Some information about Z-test.
A Z-test is a statistical test which is used to determine whether 2 means are different when their variances are known and the size is large. The test statistic is assumed to have a normal distribution and parameters like standard deviation should be known to perform an accurate Z- test.
TRAFFIC<-read.csv('https://raw.githubusercontent.com/kunal0895/RDatasets/master/TRAFFIC.csv')
summary(TRAFFIC) #gives us the statistics
#data clean and subset, either
lincoln.data <- subset(TRAFFIC, TRAFFIC$TUNNEL == "Lincoln")
holland.data <- subset(TRAFFIC, TRAFFIC$TUNNEL == "Holland")
#traffic at lincoln
#This variable is a column of 1401 rows.
lincoln.traffic <- lincoln.data$VOLUME_PER_MINUTE
#traffic at holland
#This variable is a column of 1401 rows.
holland.traffic <- holland.data$VOLUME_PER_MINUTE
# standard deviation of two samples.
#The final value is the standard deviation, in Volume per minute.

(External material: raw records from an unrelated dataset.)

(* Let $E\in M_n(\mathbb{FT})$ be an idempotent of rank $n$ and let $G_E$ be the group of units $G$ of $M_n(\mathbb{T})$ satisfying $G\otimes E=E\otimes G$. Let $I_n$ be the identity of $M_n(\mathbb{T})$, let $R=\{\lambda\otimes I_n:\lambda\in\mathbb{R}\}$ and $\Sigma=\{G\in G_E: G \text{ has eigenvalue } 0\}$. Then $R$ and $\Sigma$ are subgroups of $G_E$, $R\cong\mathbb{R}$, $\Sigma$ is a finite group embeddable in the symmetric group $S_n$, and $G_E$ is the (internal) direct product $R\times\Sigma$.
   Context: $\mathbb{FT}$ is $\mathbb{R}$ with $a\oplus b=\max(a,b)$, $a\otimes b=a+b$; $\mathbb{T}=\mathbb{R}\cup\{-\infty\}$ with the obvious extensions. Matrices multiply by $(A\otimes B)_{i,j}=\bigoplus_k A_{i,k}\otimes B_{k,j}$; $M_n(\mathbb{T})$ is a monoid with identity $I_n$ having $0$ on the diagonal and $-\infty$ elsewhere; its units are the matrices with exactly one entry different from $-\infty$ in each row and column. $\lambda\otimes A$ adds $\lambda$ to each entry. A real number $\lambda$ is an eigenvalue of $G\in M_n(\mathbb{T})$ if $G\otimes x=\lambda\otimes x$ for some $x\in\mathbb{T}^n$ not all of whose entries are $-\infty$. $C(E)$ is the set of finite componentwise maxima of columns of $E$ shifted by real constants; the rank of an idempotent $E$ is the minimal cardinality of a generating set of $C(E)$. *)

theory Defs
  imports "HOL-Library.Extended_Real" "HOL-Library.Cardinality" "HOL-Algebra.Group" "HOL-Algebra.Bij"
begin

text \<open>The tropical semiring T = R with -infinity is modelled inside ereal: an element of T is
an extended real different from +infinity.  max-plus operations are Max and +.
n x n matrices are indexed by a finite type 'n (n = CARD('n)).\<close>

type_synonym 'n tmat = "'n \<Rightarrow> 'n \<Rightarrow> ereal"
type_synonym 'n tvec = "'n \<Rightarrow> ereal"

definition tmult :: "'n::finite tmat \<Rightarrow> 'n tmat \<Rightarrow> 'n tmat" where
  "tmult A B = (\<lambda>i j. Max ((\<lambda>k. A i k + B k j) ` UNIV))"

definition tmultv :: "'n::finite tmat \<Rightarrow> 'n tvec \<Rightarrow> 'n tvec" where
  "tmultv A x = (\<lambda>i. Max ((\<lambda>k. A i k + x k) ` UNIV))"

definition tone :: "'n tmat" where
  "tone = (\<lambda>i j. if i = j then 0 else -\<infinity>)"

definition tscal :: "real \<Rightarrow> 'n tmat \<Rightarrow> 'n tmat" where
  "tscal l A = (\<lambda>i j. ereal l + A i j)"

definition tmonoid :: "('n::finite tmat) monoid" where
  "tmonoid = \<lparr>carrier = {A. \<forall>i j. A i j \<noteq> \<infinity>}, mult = tmult, one = tone\<rparr>"

definition finite_tmat :: "'n tmat \<Rightarrow> bool" where
  "finite_tmat A \<longleftrightarrow> (\<forall>i j. \<bar>A i j\<bar> \<noteq> \<infinity>)"

definition trop_eigenvalue :: "'n::finite tmat \<Rightarrow> real \<Rightarrow> bool" where
  "trop_eigenvalue G l \<longleftrightarrow>
     (\<exists>x. (\<forall>i. x i \<noteq> \<infinity>) \<and> (\<exists>i. x i \<noteq> -\<infinity>) \<and>
          tmultv G x = (\<lambda>i. ereal l + x i))"

definition tspan :: "'n tvec set \<Rightarrow> 'n tvec set" where
  "tspan X = {v. \<exists>S c. S \<subseteq> X \<and> finite S \<and> S \<noteq> {} \<and>
                   v = (\<lambda>i. Max ((\<lambda>x. ereal (c x) + x i) ` S))}"

definition tcolspace :: "'n tmat \<Rightarrow> 'n tvec set" where
  "tcolspace E = tspan ((\<lambda>j. (\<lambda>i. E i j)) ` UNIV)"

definition trop_rank :: "'n tmat \<Rightarrow> nat" where
  "trop_rank E = (LEAST k. \<exists>X. finite X \<and> card X = k \<and> X \<subseteq> tcolspace E \<and>
                              tspan X = tcolspace E)"

definition real_add_group :: "real monoid" where
  "real_add_group = \<lparr>carrier = UNIV, mult = (+), one = 0\<rparr>"

end

theory Submission
  imports Defs "HOL-Algebra.Elementary_Groups" "HOL-Combinatorics.Cycles"
begin

text \<open>The units of \<open>M\<^sub>n(\<bbbT>)\<close> are the monomial matrices \<open>P\<^sub>p \<otimes> diag d\<close>.  If such a matrix
commutes with a finite \<open>E\<close>, then \<open>E\<^bsub>p c, p b\<^esub> = E\<^bsub>c b\<^esub> + d c - d b\<close>; iterating this along a
period of \<open>p\<close> shows that \<open>d\<close> has the same mean on every cycle of \<open>p\<close>, namely the global mean
\<open>(\<Sum>d)/n\<close>.  Hence \<open>G\<close> has the single eigenvalue \<open>(\<Sum>d)/n\<close>, and \<open>G \<mapsto> \<Sum>d\<close> is a homomorphism
\<open>G\<^sub>E \<rightarrow> (\<real>,+)\<close> with kernel \<open>\<Sigma>\<close>, split by the central section \<open>\<lambda> \<mapsto> \<lambda> \<otimes> I\<^sub>n\<close>; this gives
\<open>G\<^sub>E = R \<times> \<Sigma>\<close>.  The cocycle relation determines \<open>d\<close> from \<open>p\<close> up to an additive constant, which
the condition \<open>\<Sum>d = 0\<close> fixes, so \<open>G \<mapsto> p\<close> embeds \<open>\<Sigma>\<close> into \<open>S\<^sub>n\<close>.\<close>

section \<open>Centralisers of units and split homomorphisms\<close>

lemma (in monoid) group_commuting_Units:
  assumes a: "a \<in> carrier G"
  shows "group (G\<lparr>carrier := {g \<in> Units G. g \<otimes> a = a \<otimes> g}\<rparr>)"
proof -
  define C where "C = {g \<in> Units G. g \<otimes> a = a \<otimes> g}"
  have carrier: "g \<in> carrier G" if "g \<in> C" for g
    using that by (auto simp: C_def)
  have closed: "g \<otimes> h \<in> C" if g: "g \<in> C" and h: "h \<in> C" for g h
  proof -
    have "g \<otimes> h \<otimes> a = g \<otimes> (a \<otimes> h)"
      using g h a carrier by (simp add: m_assoc C_def)
    also have "\<dots> = a \<otimes> (g \<otimes> h)"
      using g h a carrier by (simp add: C_def flip: m_assoc)
    finally show ?thesis
      using g h by (simp add: C_def)
  qed
  have inverse: "inv g \<in> C" if g: "g \<in> C" for g
  proof -
    have [simp]: "g \<in> Units G" "g \<in> carrier G" "inv g \<in> carrier G"
      using g by (auto simp: C_def)
    have "inv g \<otimes> a = inv g \<otimes> (a \<otimes> g) \<otimes> inv g"
      using a by (simp add: m_assoc)
    also have "\<dots> = inv g \<otimes> (g \<otimes> a) \<otimes> inv g"
      using g by (simp add: C_def)
    also have "\<dots> = a \<otimes> inv g"
      using a by (simp flip: m_assoc)
    finally show ?thesis by (simp add: C_def)
  qed
  have "group (G\<lparr>carrier := C\<rparr>)"
    by (rule groupI) (use a carrier closed inverse in \<open>auto simp: m_assoc C_def\<close>)
  then show ?thesis by (simp add: C_def)
qed

lemma group_real_add_group: "group real_add_group"
  by (rule groupI) (auto simp: real_add_group_def intro: exI[of _ "- x" for x])

lemma subgroup_generated_eq_carrier_update:
  assumes "subgroup A G"
  shows "subgroup_generated G A = G\<lparr>carrier := A\<rparr>"
  using subgroup.carrier_subgroup_generated_subgroup[OF assms]
  by (simp add: subgroup_generated_def)

lemma iso_image_of_section:
  assumes w: "group_hom G H w" and s: "\<And>x. x \<in> carrier H \<Longrightarrow> s x \<in> carrier G"
    and left_inverse: "\<And>x. x \<in> carrier H \<Longrightarrow> w (s x) = x"
  shows "w \<in> iso (G\<lparr>carrier := s ` carrier H\<rparr>) H"
proof -
  interpret w: group_hom G H w by (fact w)
  have "w \<in> hom (G\<lparr>carrier := s ` carrier H\<rparr>) H"
  proof (rule homI)
    fix x y
    assume "x \<in> carrier (G\<lparr>carrier := s ` carrier H\<rparr>)" "y \<in> carrier (G\<lparr>carrier := s ` carrier H\<rparr>)"
    then show "w (x \<otimes>\<^bsub>G\<lparr>carrier := s ` carrier H\<rparr>\<^esub> y) = w x \<otimes>\<^bsub>H\<^esub> w y"
      using s by (auto intro: w.hom_mult)
  qed (use s in auto)
  moreover have "bij_betw w (s ` carrier H) (carrier H)"
  proof (rule bij_betw_imageI)
    show "inj_on w (s ` carrier H)"
      by (rule inj_onI) (metis imageE left_inverse)
    show "w ` s ` carrier H = carrier H"
      using left_inverse by (force simp: image_image)
  qed
  ultimately show ?thesis by (simp add: iso_def)
qed

lemma iso_mult_image_of_section_kernel:
  fixes G (structure)
  assumes w: "group_hom G H w" and s: "group_hom H G s"
    and left_inverse: "\<And>x. x \<in> carrier H \<Longrightarrow> w (s x) = x"
    and central: "\<And>x g. x \<in> carrier H \<Longrightarrow> g \<in> carrier G \<Longrightarrow> s x \<otimes> g = g \<otimes> s x"
  shows "(\<lambda>(x, y). x \<otimes> y)
           \<in> iso (G\<lparr>carrier := s ` carrier H\<rparr> \<times>\<times> G\<lparr>carrier := kernel G H w\<rparr>) G"
proof -
  interpret w: group_hom G H w by (fact w)
  interpret s: group_hom H G s by (fact s)
  have disjoint: "s ` carrier H \<inter> kernel G H w = {\<one>}"
  proof
    show "s ` carrier H \<inter> kernel G H w \<subseteq> {\<one>}"
    proof
      fix g assume g: "g \<in> s ` carrier H \<inter> kernel G H w"
      then obtain x where x: "x \<in> carrier H" "g = s x" by blast
      have "w g = \<one>\<^bsub>H\<^esub>" using g unfolding kernel_def by blast
      then have "x = \<one>\<^bsub>H\<^esub>" using left_inverse[OF x(1)] unfolding x(2) by argo
      then show "g \<in> {\<one>}" using x(2) s.hom_one by blast
    qed
    have "\<one> \<in> s ` carrier H"
      using s.hom_one w.H.one_closed by (metis image_eqI)
    then show "{\<one>} \<subseteq> s ` carrier H \<inter> kernel G H w"
      unfolding kernel_def by auto
  qed
  have cover: "s ` carrier H <#> kernel G H w = carrier G"
  proof
    show "s ` carrier H <#> kernel G H w \<subseteq> carrier G"
      by (auto simp: set_mult_def kernel_def)
    show "carrier G \<subseteq> s ` carrier H <#> kernel G H w"
    proof
      fix g assume g: "g \<in> carrier G"
      let ?r = "s (w g)"
      have r: "?r \<in> carrier G" using g by simp
      have "inv ?r \<otimes> g \<in> kernel G H w"
        using g r left_inverse[of "w g"] by (simp add: kernel_def w.hom_mult w.hom_inv)
      moreover have "?r \<in> s ` carrier H"
        using g by simp
      ultimately have "?r \<otimes> (inv ?r \<otimes> g) \<in> s ` carrier H <#> kernel G H w"
        unfolding set_mult_def by blast
      moreover have "?r \<otimes> (inv ?r \<otimes> g) = g"
        using g r by (simp flip: w.G.m_assoc)
      ultimately show "g \<in> s ` carrier H <#> kernel G H w"
        by simp
    qed
  qed
  have "\<forall>x\<in>s ` carrier H. \<forall>y\<in>kernel G H w. x \<otimes> y = y \<otimes> x"
    using central by (auto simp: kernel_def)
  moreover have "group_disjoint_sum G (s ` carrier H) (kernel G H w)"
    using s.img_is_subgroup w.subgroup_kernel
    by (simp add: group_disjoint_sum_def w.G.group_axioms)
  ultimately have "(\<lambda>(x, y). x \<otimes> y) \<in> iso (subgroup_generated G (s ` carrier H) \<times>\<times>
      subgroup_generated G (kernel G H w)) G"
    using group_disjoint_sum.iso_group_mul_alt disjoint cover by blast
  then show ?thesis
    by (simp add: subgroup_generated_eq_carrier_update[OF s.img_is_subgroup]
        subgroup_generated_eq_carrier_update[OF w.subgroup_kernel])
qed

sd.lincoln <- sd(lincoln.traffic)
sd.holland <- sd(holland.traffic)
# means of two samples
mean.lincoln <- mean(lincoln.traffic)
mean.holland <- mean(holland.traffic)
#length of lincoln and holland
len_lincoln <- length(lincoln.traffic)
len_holland <- length(holland.traffic)
#standard deviation of difference traffic
sd.lin.hol <- sqrt(sd.lincoln^2/len_lincoln + sd.holland^2/len_holland)
#z score
zeta <- (mean.lincoln - mean.holland)/sd.lin.hol
zeta
#plot red line
plot(x=seq(from = -5, to= 5, by=0.1),y=dnorm(seq(from = -5, to= 5, by=0.1),mean=0),type='l',xlab = 'mean difference', ylab='possibility')
abline(v=zeta, col='red')
#get p
p = 1-pnorm(zeta)
p
The seq function here takes the starting value (from), and the ending value(to), and the interval value (by). There are 4 kinds of functions:
1) dnorm
2) pnorm
3) rnorm
4) qnorm
Let's see each of them one by one. The functions have 2 parts, the first letter (d, p, r, q) where each of the letters means something and the word 'norm' means the normal distribution. There are various kinds of distributions, but we are interested in the normal distribution.
By prefixing a "d" to the function name (norm in our case), you can get probability density values (pdf). By prefixing a "p", you can get cumulative probabilities (cdf). By prefixing a "q", you can get quantile values. By prefixing an "r", you can get random numbers from the distribution.
dnorm(x, mean = 0, sd = 1, log = FALSE)
Here, x is considered a z-score value by default, where mean = 0 and SD = 1.
The function dnorm returns the probability density function (d is the density, hence dnorm) here, known as a PDF. What is a PDF?
It is the function of a continuous random variable, whose integral across an interval gives us the probability that the value of the variable lies in that interval. Hence the result is, for each value in the sequence, we get a probability on the Y-axis. If log=TRUE, the output we get on the y axis is log of the probability values, instead of the probability values that we get right now. The default value of log is false.
2) The pnorm function is the cumulative density function or CDF. It returns the area below the given value of "x". Again, mean=0 and sd=1 by default.
pnorm(q, mean = 0, sd = 1, lower.tail = TRUE, log.p = FALSE)
log.p is similar to the previous case, returns the Y-axis values in terms of log(p) instead of p, if set to true.
lower.tail = TRUE (by default) means that the value shown is P[X <= x]. It returns the are below the given value of X.
As a result, 1 - pnorm(1) is equivalent to pnorm(1, lower.tail = FALSE), both of which equal to 0.1586553.
3) qnorm has similar parameters to pnorm, the difference being that it gives us the quantile (critical values).
The idea behind qnorm is that you give it a probability, and it returns the number whose cumulative distribution matches the probability. For example, if you have a normally distributed random variable with mean zero and standard deviation one, then if you give the function a probability it returns the associated Z-score.
4) The last function we examine is the rnorm function which can generate random numbers whose distribution is normal. The argument that you give it is the number of random numbers that you want, and it has optional arguments to specify the mean and standard deviation. If you specify some mean and SD, the numbers will be generated such that their mean and SD is equal to what we specified. Running rnorm(x) with the same x values will generate different values since the generated numbers are random.